[Items from a data source]
(* Let $G$ be a connected cograph which is $k$-connected, and let $S$ be a minimal vertex separator of $G$ with $|S|=k$. Then every edge $\{u,v\}$ of $G\setminus S$ is universal to $S$, i.e. for every $s\in S$, $\{u,s\}\in E(G)$ or $\{v,s\}\in E(G)$.
   Context: A cograph is a graph that can be built from single vertices by repeatedly taking disjoint unions and joins; equivalently, a graph with no induced path on four vertices. $G\setminus S$ is the subgraph induced on $V(G)\setminus S$. A vertex separator of a connected graph $G$ is a set $S\subset V(G)$ such that $G\setminus S$ is disconnected; it is minimal if no proper subset of $S$ is a vertex separator; a minimum vertex separator is a minimal vertex separator of least size. The paper calls $G$ $k$-connected if there exists a minimum vertex separator of size $k$. *)

theory Defs
  imports Main
begin

text \<open>A graph is given by a vertex set V and an edge relation E (E x y means {x,y} is an edge).\<close>

inductive cograph :: "'a set \<Rightarrow> ('a \<Rightarrow> 'a \<Rightarrow> bool) \<Rightarrow> bool" where
  single: "cograph {v} (\<lambda>x y. False)"
| union: "cograph V1 E1 \<Longrightarrow> cograph V2 E2 \<Longrightarrow> V1 \<inter> V2 = {} \<Longrightarrow>
           cograph (V1 \<union> V2) (\<lambda>x y. E1 x y \<or> E2 x y)"
| join: "cograph V1 E1 \<Longrightarrow> cograph V2 E2 \<Longrightarrow> V1 \<inter> V2 = {} \<Longrightarrow>
           cograph (V1 \<union> V2) (\<lambda>x y. E1 x y \<or> E2 x y \<or> (x \<in> V1 \<and> y \<in> V2) \<or> (x \<in> V2 \<and> y \<in> V1))"

definition connected_on :: "'a set \<Rightarrow> ('a \<Rightarrow> 'a \<Rightarrow> bool) \<Rightarrow> bool" where
  "connected_on W E \<longleftrightarrow> W \<noteq> {} \<and>
     (\<forall>x\<in>W. \<forall>y\<in>W. (x, y) \<in> {(a, b). a \<in> W \<and> b \<in> W \<and> E a b}\<^sup>*)"

definition vertex_separator :: "'a set \<Rightarrow> ('a \<Rightarrow> 'a \<Rightarrow> bool) \<Rightarrow> 'a set \<Rightarrow> bool" where
  "vertex_separator V E S \<longleftrightarrow> S \<subset> V \<and> \<not> connected_on (V - S) E"

definition minimal_vertex_separator :: "'a set \<Rightarrow> ('a \<Rightarrow> 'a \<Rightarrow> bool) \<Rightarrow> 'a set \<Rightarrow> bool" where
  "minimal_vertex_separator V E S \<longleftrightarrow> vertex_separator V E S \<and>
     (\<forall>T. T \<subset> S \<longrightarrow> \<not> vertex_separator V E T)"

definition minimum_vertex_separator :: "'a set \<Rightarrow> ('a \<Rightarrow> 'a \<Rightarrow> bool) \<Rightarrow> 'a set \<Rightarrow> bool" where
  "minimum_vertex_separator V E S \<longleftrightarrow> minimal_vertex_separator V E S \<and>
     (\<forall>T. minimal_vertex_separator V E T \<longrightarrow> card S \<le> card T)"

text \<open>The paper's notion: G is k-connected if there is a minimum vertex separator of size k.\<close>
definition k_connected :: "'a set \<Rightarrow> ('a \<Rightarrow> 'a \<Rightarrow> bool) \<Rightarrow> nat \<Rightarrow> bool" where
  "k_connected V E k \<longleftrightarrow> (\<exists>S. minimum_vertex_separator V E S \<and> card S = k)"

end

theory Submission
  imports Defs
begin

text \<open>Every vertex of a minimal separator S of a cograph is adjacent to every vertex
  outside S. Fix s \<in> S and a component C of G \ S. By minimality, G \ (S - {s}) is
  connected, so s has a neighbour in every component of G \ S, in particular one in C and
  one, z, in another component. If some vertex of C were not adjacent to s, walking inside
  C from a neighbour of s to it would give an edge w' w with w' adjacent and w not adjacent
  to s, and z s w' w would be an induced P4. Hence s is adjacent to all of C.\<close>

definition induced_edges :: "'a set \<Rightarrow> ('a \<Rightarrow> 'a \<Rightarrow> bool) \<Rightarrow> ('a \<times> 'a) set" where
  "induced_edges W E = {(a, b). a \<in> W \<and> b \<in> W \<and> E a b}"

definition P4_free :: "('a \<Rightarrow> 'a \<Rightarrow> bool) \<Rightarrow> bool" where
  "P4_free E \<longleftrightarrow> (\<forall>a b c d. E a b \<and> E b c \<and> E c d \<longrightarrow> E a c \<or> E b d \<or> E a d)"

lemma connected_on_induced_edges:
  "connected_on W E \<longleftrightarrow> W \<noteq> {} \<and> (\<forall>x\<in>W. \<forall>y\<in>W. (x, y) \<in> (induced_edges W E)\<^sup>*)"
  unfolding connected_on_def induced_edges_def ..

lemma sym_induced_edges: "symp E \<Longrightarrow> sym (induced_edges W E)"
  unfolding induced_edges_def sym_def symp_def by blast

lemma rtrancl_induced_edges_sym:
  "symp E \<Longrightarrow> (x, y) \<in> (induced_edges W E)\<^sup>* \<Longrightarrow> (y, x) \<in> (induced_edges W E)\<^sup>*"
  using sym_rtrancl[OF sym_induced_edges] by (meson symD)

lemma rtrancl_induced_edges_in:
  "(x, y) \<in> (induced_edges W E)\<^sup>* \<Longrightarrow> x \<in> W \<Longrightarrow> y \<in> W"
  by (induction rule: rtrancl_induct) (auto simp: induced_edges_def)

lemma connected_onI_reachable:
  assumes "symp E" "u \<in> W" "\<forall>z\<in>W. (u, z) \<in> (induced_edges W E)\<^sup>*"
  shows "connected_on W E"
  unfolding connected_on_induced_edges
proof (intro conjI ballI)
  show "W \<noteq> {}"
    using \<open>u \<in> W\<close> by blast
  fix x y
  assume "x \<in> W" "y \<in> W"
  then have "(x, u) \<in> (induced_edges W E)\<^sup>*" "(u, y) \<in> (induced_edges W E)\<^sup>*"
    using assms(3) rtrancl_induced_edges_sym[OF \<open>symp E\<close>] by blast+
  then show "(x, y) \<in> (induced_edges W E)\<^sup>*"
    by (rule rtrancl_trans)
qed

lemma cograph_edge_in_vertices: "cograph V E \<Longrightarrow> E x y \<Longrightarrow> x \<in> V \<and> y \<in> V"
  by (induction arbitrary: x y rule: cograph.induct) auto

lemma cograph_symp: "cograph V E \<Longrightarrow> symp E"
  by (induction rule: cograph.induct) (auto simp: symp_def)

lemma cograph_P4_free: "cograph V E \<Longrightarrow> P4_free E"
proof (induction rule: cograph.induct)
  case (single v)
  then show ?case by (simp add: P4_free_def)
next
  case (union V1 E1 V2 E2)
  note in_V1 = cograph_edge_in_vertices[OF union.hyps(1)]
    and in_V2 = cograph_edge_in_vertices[OF union.hyps(2)]
  show ?case unfolding P4_free_def
  proof (intro allI impI)
    fix a b c d
    assume "(E1 a b \<or> E2 a b) \<and> (E1 b c \<or> E2 b c) \<and> (E1 c d \<or> E2 c d)"
    then consider "E1 a b" "E1 b c" "E1 c d" | "E2 a b" "E2 b c" "E2 c d"
      using in_V1 in_V2 union.hyps(3) by blast
    then show "(E1 a c \<or> E2 a c) \<or> (E1 b d \<or> E2 b d) \<or> (E1 a d \<or> E2 a d)"
      using union.IH unfolding P4_free_def by metis
  qed
next
  case (join V1 E1 V2 E2)
  note in_V1 = cograph_edge_in_vertices[OF join.hyps(1)]
    and in_V2 = cograph_edge_in_vertices[OF join.hyps(2)]
  let ?E = "\<lambda>x y. E1 x y \<or> E2 x y \<or> (x \<in> V1 \<and> y \<in> V2) \<or> (x \<in> V2 \<and> y \<in> V1)"
  show ?case unfolding P4_free_def
  proof (intro allI impI)
    fix a b c d
    assume path: "?E a b \<and> ?E b c \<and> ?E c d"
    show "?E a c \<or> ?E b d \<or> ?E a d"
    proof (rule ccontr)
      assume non_edges: "\<not> (?E a c \<or> ?E b d \<or> ?E a d)"
      have in_V: "a \<in> V1 \<union> V2" "b \<in> V1 \<union> V2" "c \<in> V1 \<union> V2" "d \<in> V1 \<union> V2"
        using path in_V1 in_V2 by blast+
      show False
      proof (cases "a \<in> V1")
        case True
        then have "c \<in> V1" "d \<in> V1"
          using in_V non_edges by blast+
        then have "b \<in> V1"
          using in_V non_edges by blast
        then have "E1 a b \<and> E1 b c \<and> E1 c d \<and> \<not> E1 a c \<and> \<not> E1 b d \<and> \<not> E1 a d"
          using path non_edges \<open>a \<in> V1\<close> \<open>c \<in> V1\<close> \<open>d \<in> V1\<close> in_V2 join.hyps(3) by blast
        then show False
          using join.IH(1) unfolding P4_free_def by blast
      next
        case False
        then have "a \<in> V2"
          using in_V by blast
        then have "c \<in> V2" "d \<in> V2"
          using in_V non_edges by blast+
        then have "b \<in> V2"
          using in_V non_edges by blast
        then have "E2 a b \<and> E2 b c \<and> E2 c d \<and> \<not> E2 a c \<and> \<not> E2 b d \<and> \<not> E2 a d"
          using path non_edges \<open>a \<in> V2\<close> \<open>c \<in> V2\<close> \<open>d \<in> V2\<close> in_V1 join.hyps(3) by blast
        then show False
          using join.IH(2) unfolding P4_free_def by blast
      qed
    qed
  qed
qed

lemma rtrancl_induced_edges_insert:
  assumes "(x, s) \<in> (induced_edges (insert s W) E)\<^sup>*" "x \<in> W" "s \<notin> W"
  shows "\<exists>z. (x, z) \<in> (induced_edges W E)\<^sup>* \<and> E z s"
proof (rule ccontr)
  assume no_neighbour: "\<nexists>z. (x, z) \<in> (induced_edges W E)\<^sup>* \<and> E z s"
  define C where "C = (induced_edges W E)\<^sup>* `` {x}"
  have "induced_edges (insert s W) E `` C \<subseteq> C"
  proof
    fix w'
    assume "w' \<in> induced_edges (insert s W) E `` C"
    then obtain w where w: "(x, w) \<in> (induced_edges W E)\<^sup>*" "(w, w') \<in> induced_edges (insert s W) E"
      unfolding C_def by auto
    have "w \<in> W"
      using w(1) \<open>x \<in> W\<close> by (rule rtrancl_induced_edges_in)
    moreover have "w' \<noteq> s"
      using no_neighbour w unfolding induced_edges_def by blast
    ultimately have "(w, w') \<in> induced_edges W E"
      using w(2) unfolding induced_edges_def by blast
    with w(1) have "(x, w') \<in> (induced_edges W E)\<^sup>*"
      by (rule rtrancl_into_rtrancl)
    then show "w' \<in> C"
      unfolding C_def by blast
  qed
  then have "(induced_edges (insert s W) E)\<^sup>* `` C = C"
    by (rule Image_closed_trancl)
  moreover have "x \<in> C"
    unfolding C_def by blast
  ultimately have "s \<in> C"
    using assms(1) by blast
  then have "(x, s) \<in> (induced_edges W E)\<^sup>*"
    unfolding C_def by blast
  then have "s \<in> W"
    using assms(2) by (rule rtrancl_induced_edges_in)
  with assms(3) show False ..
qed

lemma minimal_separator_neighbour_in_component:
  assumes "minimal_vertex_separator V E S" "s \<in> S" "x \<in> V - S"
  shows "\<exists>z. (x, z) \<in> (induced_edges (V - S) E)\<^sup>* \<and> E z s"
proof -
  have "S \<subset> V" and not_sep: "\<not> vertex_separator V E (S - {s})"
    using assms(1,2) unfolding minimal_vertex_separator_def vertex_separator_def by blast+
  then have "connected_on (V - (S - {s})) E"
    unfolding vertex_separator_def by blast
  moreover have "V - (S - {s}) = insert s (V - S)"
    using assms(2) \<open>S \<subset> V\<close> by blast
  ultimately have "connected_on (insert s (V - S)) E"
    by simp
  then have "(x, s) \<in> (induced_edges (insert s (V - S)) E)\<^sup>*"
    using assms(3) unfolding connected_on_induced_edges by simp
  moreover have "s \<notin> V - S"
    using assms(2) by blast
  ultimately show ?thesis
    by (rule rtrancl_induced_edges_insert[OF _ assms(3)])
qed

lemma P4_free_adjacency_spreads:
  assumes "symp E" "P4_free E"
    and "(x, y) \<in> (induced_edges W E)\<^sup>*" "E x s"
    and "z \<in> W" "E z s" "(x, z) \<notin> (induced_edges W E)\<^sup>*"
  shows "E y s"
  using assms(3,4)
proof (induction rule: rtrancl_induct)
  case base
  then show ?case .
next
  case (step y y')
  have "y \<in> W" "y' \<in> W" "E y y'"
    using step.hyps(2) unfolding induced_edges_def by auto
  have "\<not> E z y"
  proof
    assume "E z y"
    then have "(y, z) \<in> induced_edges W E"
      using \<open>y \<in> W\<close> \<open>z \<in> W\<close> \<open>symp E\<close> unfolding induced_edges_def by (auto dest: sympD)
    then show False
      using step.hyps(1) assms(7) by (meson rtrancl_into_rtrancl)
  qed
  moreover have "\<not> E z y'"
  proof
    assume "E z y'"
    then have "(y', z) \<in> induced_edges W E"
      using \<open>y' \<in> W\<close> \<open>z \<in> W\<close> \<open>symp E\<close> unfolding induced_edges_def by (auto dest: sympD)
    then show False
      using step.hyps(1,2) assms(7) by (meson rtrancl_into_rtrancl)
  qed
  moreover have "E s y"
    using step.IH step.prems \<open>symp E\<close> by (auto dest: sympD)
  ultimately show "E y' s"
    using \<open>P4_free E\<close> \<open>E z s\<close> \<open>E y y'\<close> \<open>symp E\<close>
    unfolding P4_free_def by (meson sympD)
qed

lemma cograph_minimal_separator_adjacent:
  assumes "cograph V E" "minimal_vertex_separator V E S" "u \<in> V - S" "s \<in> S"
  shows "E u s"
proof -
  let ?R = "induced_edges (V - S) E"
  have "symp E" "P4_free E"
    using assms(1) by (rule cograph_symp, rule cograph_P4_free)
  obtain x where "(u, x) \<in> ?R\<^sup>*" "E x s"
    using minimal_separator_neighbour_in_component[OF assms(2,4,3)] by blast
  have "\<not> connected_on (V - S) E"
    using assms(2) unfolding minimal_vertex_separator_def vertex_separator_def by blast
  then obtain z0 where "z0 \<in> V - S" "(u, z0) \<notin> ?R\<^sup>*"
    using connected_onI_reachable[OF \<open>symp E\<close> assms(3)] by blast
  obtain z where "(z0, z) \<in> ?R\<^sup>*" "E z s"
    using minimal_separator_neighbour_in_component[OF assms(2,4) \<open>z0 \<in> V - S\<close>] by blast
  have "z \<in> V - S"
    using \<open>(z0, z) \<in> ?R\<^sup>*\<close> \<open>z0 \<in> V - S\<close> by (rule rtrancl_induced_edges_in)
  have "(x, z) \<notin> ?R\<^sup>*"
    using \<open>(u, x) \<in> ?R\<^sup>*\<close> \<open>(z0, z) \<in> ?R\<^sup>*\<close> \<open>(u, z0) \<notin> ?R\<^sup>*\<close>
      rtrancl_induced_edges_sym[OF \<open>symp E\<close>] by (meson rtrancl_trans)
  moreover have "(x, u) \<in> ?R\<^sup>*"
    using rtrancl_induced_edges_sym[OF \<open>symp E\<close> \<open>(u, x) \<in> ?R\<^sup>*\<close>] .
  ultimately show ?thesis
    using P4_free_adjacency_spreads[OF \<open>symp E\<close> \<open>P4_free E\<close> _ \<open>E x s\<close> \<open>z \<in> V - S\<close> \<open>E z s\<close>]
    by blast
qed

theorem corollary1:
  fixes V :: "'a set" and E :: "'a \<Rightarrow> 'a \<Rightarrow> bool" and S :: "'a set" and k :: nat
  assumes "cograph V E"
    and "connected_on V E"
    and "k_connected V E k"
    and "minimal_vertex_separator V E S"
    and "card S = k"
  shows "\<forall>u v. u \<in> V - S \<longrightarrow> v \<in> V - S \<longrightarrow> E u v \<longrightarrow> (\<forall>s\<in>S. E u s \<or> E v s)"
  using cograph_minimal_separator_adjacent[OF assms(1,4)] by blast

end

WHAT THE TASK REQUIRES | In the records above, return precisely the line containing "using cograph_minimal_separator_adjacent[OF assms(1,4)]" and each line that comes after it, up to the final one.

COMPLETED EXERCISE |
  using cograph_minimal_separator_adjacent[OF assms(1,4)] by blast

end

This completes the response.